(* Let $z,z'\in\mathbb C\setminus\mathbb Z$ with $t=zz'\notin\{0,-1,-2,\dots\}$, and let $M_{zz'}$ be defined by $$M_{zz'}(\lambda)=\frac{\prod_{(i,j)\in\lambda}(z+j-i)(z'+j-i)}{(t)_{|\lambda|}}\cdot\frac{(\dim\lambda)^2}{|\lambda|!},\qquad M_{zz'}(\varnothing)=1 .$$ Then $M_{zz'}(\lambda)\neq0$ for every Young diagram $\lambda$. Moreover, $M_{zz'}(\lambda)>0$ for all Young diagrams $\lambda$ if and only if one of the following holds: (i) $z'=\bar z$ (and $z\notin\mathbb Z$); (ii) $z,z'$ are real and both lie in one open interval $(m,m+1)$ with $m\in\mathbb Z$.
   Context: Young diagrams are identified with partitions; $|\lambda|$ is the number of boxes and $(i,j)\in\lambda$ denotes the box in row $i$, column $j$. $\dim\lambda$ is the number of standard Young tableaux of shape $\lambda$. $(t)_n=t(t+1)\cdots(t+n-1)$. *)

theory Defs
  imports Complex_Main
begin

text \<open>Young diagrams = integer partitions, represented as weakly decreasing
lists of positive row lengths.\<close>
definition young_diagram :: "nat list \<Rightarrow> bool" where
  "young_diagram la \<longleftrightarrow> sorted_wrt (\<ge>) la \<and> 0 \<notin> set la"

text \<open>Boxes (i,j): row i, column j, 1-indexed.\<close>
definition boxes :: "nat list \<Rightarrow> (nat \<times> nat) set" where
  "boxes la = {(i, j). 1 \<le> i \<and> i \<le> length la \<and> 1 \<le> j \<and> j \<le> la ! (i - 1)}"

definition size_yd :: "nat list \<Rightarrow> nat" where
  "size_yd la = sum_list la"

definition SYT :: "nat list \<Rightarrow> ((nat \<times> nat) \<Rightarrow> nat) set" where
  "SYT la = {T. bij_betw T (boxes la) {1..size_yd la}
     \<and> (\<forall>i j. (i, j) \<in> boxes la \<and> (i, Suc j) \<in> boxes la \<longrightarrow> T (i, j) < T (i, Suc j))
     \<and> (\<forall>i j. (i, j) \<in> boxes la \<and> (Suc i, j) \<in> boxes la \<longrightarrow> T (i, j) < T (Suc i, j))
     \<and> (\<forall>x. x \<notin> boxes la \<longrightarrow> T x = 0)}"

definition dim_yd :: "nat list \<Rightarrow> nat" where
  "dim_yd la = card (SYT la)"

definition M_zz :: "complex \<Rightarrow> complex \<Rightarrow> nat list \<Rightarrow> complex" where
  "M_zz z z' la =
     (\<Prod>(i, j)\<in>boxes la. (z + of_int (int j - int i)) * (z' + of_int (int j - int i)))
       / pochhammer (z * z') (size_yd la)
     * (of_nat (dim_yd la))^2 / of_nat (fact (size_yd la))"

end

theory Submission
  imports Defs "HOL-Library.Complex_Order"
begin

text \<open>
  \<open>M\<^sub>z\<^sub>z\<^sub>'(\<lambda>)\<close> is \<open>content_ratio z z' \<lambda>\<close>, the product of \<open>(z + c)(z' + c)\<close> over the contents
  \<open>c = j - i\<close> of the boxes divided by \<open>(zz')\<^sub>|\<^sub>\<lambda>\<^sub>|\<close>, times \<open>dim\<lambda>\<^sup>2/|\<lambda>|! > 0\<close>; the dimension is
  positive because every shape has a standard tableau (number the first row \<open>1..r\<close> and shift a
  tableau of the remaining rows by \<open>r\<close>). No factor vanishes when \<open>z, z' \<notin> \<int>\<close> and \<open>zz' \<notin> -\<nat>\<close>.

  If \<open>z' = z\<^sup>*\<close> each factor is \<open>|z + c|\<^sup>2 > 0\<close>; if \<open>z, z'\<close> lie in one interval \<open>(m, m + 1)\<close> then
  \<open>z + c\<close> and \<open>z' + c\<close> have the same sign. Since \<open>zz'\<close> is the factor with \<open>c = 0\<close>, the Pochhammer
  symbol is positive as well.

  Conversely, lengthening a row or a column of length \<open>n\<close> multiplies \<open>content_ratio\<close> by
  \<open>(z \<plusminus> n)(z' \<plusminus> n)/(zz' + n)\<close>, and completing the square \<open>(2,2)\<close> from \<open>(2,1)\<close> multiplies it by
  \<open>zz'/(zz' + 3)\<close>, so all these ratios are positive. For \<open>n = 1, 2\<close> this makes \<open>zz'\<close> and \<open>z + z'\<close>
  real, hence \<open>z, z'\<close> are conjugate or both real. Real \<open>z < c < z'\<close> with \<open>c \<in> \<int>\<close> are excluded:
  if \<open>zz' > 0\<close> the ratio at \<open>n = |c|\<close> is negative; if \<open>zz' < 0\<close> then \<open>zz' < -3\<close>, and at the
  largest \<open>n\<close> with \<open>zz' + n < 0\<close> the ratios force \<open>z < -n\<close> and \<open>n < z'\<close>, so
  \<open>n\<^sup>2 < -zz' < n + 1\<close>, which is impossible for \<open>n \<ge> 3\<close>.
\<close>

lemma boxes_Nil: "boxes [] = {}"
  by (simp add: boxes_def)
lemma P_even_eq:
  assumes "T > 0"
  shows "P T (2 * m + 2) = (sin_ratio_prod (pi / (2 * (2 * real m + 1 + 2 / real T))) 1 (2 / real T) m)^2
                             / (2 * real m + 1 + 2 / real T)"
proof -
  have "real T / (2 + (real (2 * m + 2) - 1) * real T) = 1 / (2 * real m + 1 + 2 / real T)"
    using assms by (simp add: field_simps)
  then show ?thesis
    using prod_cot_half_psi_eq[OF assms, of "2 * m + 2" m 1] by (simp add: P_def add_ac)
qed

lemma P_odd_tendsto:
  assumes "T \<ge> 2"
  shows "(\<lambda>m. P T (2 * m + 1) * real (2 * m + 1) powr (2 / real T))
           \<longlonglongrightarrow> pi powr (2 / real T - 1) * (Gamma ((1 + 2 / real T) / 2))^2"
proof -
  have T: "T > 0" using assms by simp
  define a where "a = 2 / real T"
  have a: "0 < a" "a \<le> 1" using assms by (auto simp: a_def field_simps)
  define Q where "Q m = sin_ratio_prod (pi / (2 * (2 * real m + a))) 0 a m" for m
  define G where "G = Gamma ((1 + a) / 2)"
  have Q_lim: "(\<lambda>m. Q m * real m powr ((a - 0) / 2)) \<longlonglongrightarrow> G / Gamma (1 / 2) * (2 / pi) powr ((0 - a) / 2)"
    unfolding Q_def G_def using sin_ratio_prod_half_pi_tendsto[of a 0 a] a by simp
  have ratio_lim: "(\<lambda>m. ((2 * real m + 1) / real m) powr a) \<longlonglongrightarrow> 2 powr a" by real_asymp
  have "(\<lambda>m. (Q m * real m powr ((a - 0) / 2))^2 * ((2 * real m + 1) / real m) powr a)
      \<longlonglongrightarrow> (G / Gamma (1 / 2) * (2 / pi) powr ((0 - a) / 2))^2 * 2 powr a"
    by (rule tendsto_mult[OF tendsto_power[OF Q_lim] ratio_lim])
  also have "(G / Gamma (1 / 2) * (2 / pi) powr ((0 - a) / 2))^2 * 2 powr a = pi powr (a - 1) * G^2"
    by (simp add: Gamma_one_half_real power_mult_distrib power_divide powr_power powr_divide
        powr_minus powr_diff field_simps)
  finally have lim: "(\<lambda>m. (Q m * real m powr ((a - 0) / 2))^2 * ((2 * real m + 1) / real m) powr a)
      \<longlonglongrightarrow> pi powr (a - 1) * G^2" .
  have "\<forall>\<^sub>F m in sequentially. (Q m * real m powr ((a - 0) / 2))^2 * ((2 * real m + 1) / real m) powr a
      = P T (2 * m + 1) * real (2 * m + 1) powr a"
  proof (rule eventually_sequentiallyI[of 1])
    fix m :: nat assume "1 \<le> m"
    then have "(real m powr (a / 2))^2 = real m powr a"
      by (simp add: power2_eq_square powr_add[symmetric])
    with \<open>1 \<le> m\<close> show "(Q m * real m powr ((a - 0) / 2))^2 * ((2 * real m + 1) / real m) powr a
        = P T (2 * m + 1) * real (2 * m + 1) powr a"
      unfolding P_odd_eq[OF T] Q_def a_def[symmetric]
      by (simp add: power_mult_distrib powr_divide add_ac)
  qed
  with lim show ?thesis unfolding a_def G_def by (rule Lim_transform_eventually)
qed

= YOUR ASSIGNMENT =
Take from the material above the lines running from the one with "using assms by (simp add: field_simps)" through the one with "with \<open>1 \<le>", and repeat them exactly, with nothing else.

= ANSWER BOX =
    using assms by (simp add: field_simps)
  then show ?thesis
    using prod_cot_half_psi_eq[OF assms, of "2 * m + 2" m 1] by (simp add: P_def add_ac)
qed

lemma P_odd_tendsto:
  assumes "T \<ge> 2"
  shows "(\<lambda>m. P T (2 * m + 1) * real (2 * m + 1) powr (2 / real T))
           \<longlonglongrightarrow> pi powr (2 / real T - 1) * (Gamma ((1 + 2 / real T) / 2))^2"
proof -
  have T: "T > 0" using assms by simp
  define a where "a = 2 / real T"
  have a: "0 < a" "a \<le> 1" using assms by (auto simp: a_def field_simps)
  define Q where "Q m = sin_ratio_prod (pi / (2 * (2 * real m + a))) 0 a m" for m
  define G where "G = Gamma ((1 + a) / 2)"
  have Q_lim: "(\<lambda>m. Q m * real m powr ((a - 0) / 2)) \<longlonglongrightarrow> G / Gamma (1 / 2) * (2 / pi) powr ((0 - a) / 2)"
    unfolding Q_def G_def using sin_ratio_prod_half_pi_tendsto[of a 0 a] a by simp
  have ratio_lim: "(\<lambda>m. ((2 * real m + 1) / real m) powr a) \<longlonglongrightarrow> 2 powr a" by real_asymp
  have "(\<lambda>m. (Q m * real m powr ((a - 0) / 2))^2 * ((2 * real m + 1) / real m) powr a)
      \<longlonglongrightarrow> (G / Gamma (1 / 2) * (2 / pi) powr ((0 - a) / 2))^2 * 2 powr a"
    by (rule tendsto_mult[OF tendsto_power[OF Q_lim] ratio_lim])
  also have "(G / Gamma (1 / 2) * (2 / pi) powr ((0 - a) / 2))^2 * 2 powr a = pi powr (a - 1) * G^2"
    by (simp add: Gamma_one_half_real power_mult_distrib power_divide powr_power powr_divide
        powr_minus powr_diff field_simps)
  finally have lim: "(\<lambda>m. (Q m * real m powr ((a - 0) / 2))^2 * ((2 * real m + 1) / real m) powr a)
      \<longlonglongrightarrow> pi powr (a - 1) * G^2" .
  have "\<forall>\<^sub>F m in sequentially. (Q m * real m powr ((a - 0) / 2))^2 * ((2 * real m + 1) / real m) powr a
      = P T (2 * m + 1) * real (2 * m + 1) powr a"
  proof (rule eventually_sequentiallyI[of 1])
    fix m :: nat assume "1 \<le> m"
    then have "(real m powr (a / 2))^2 = real m powr a"
      by (simp add: power2_eq_square powr_add[symmetric])
    with \<open>1 \<le> m\<close> show "(Q m * real m powr ((a - 0) / 2))^2 * ((2 * real m + 1) / real m) powr a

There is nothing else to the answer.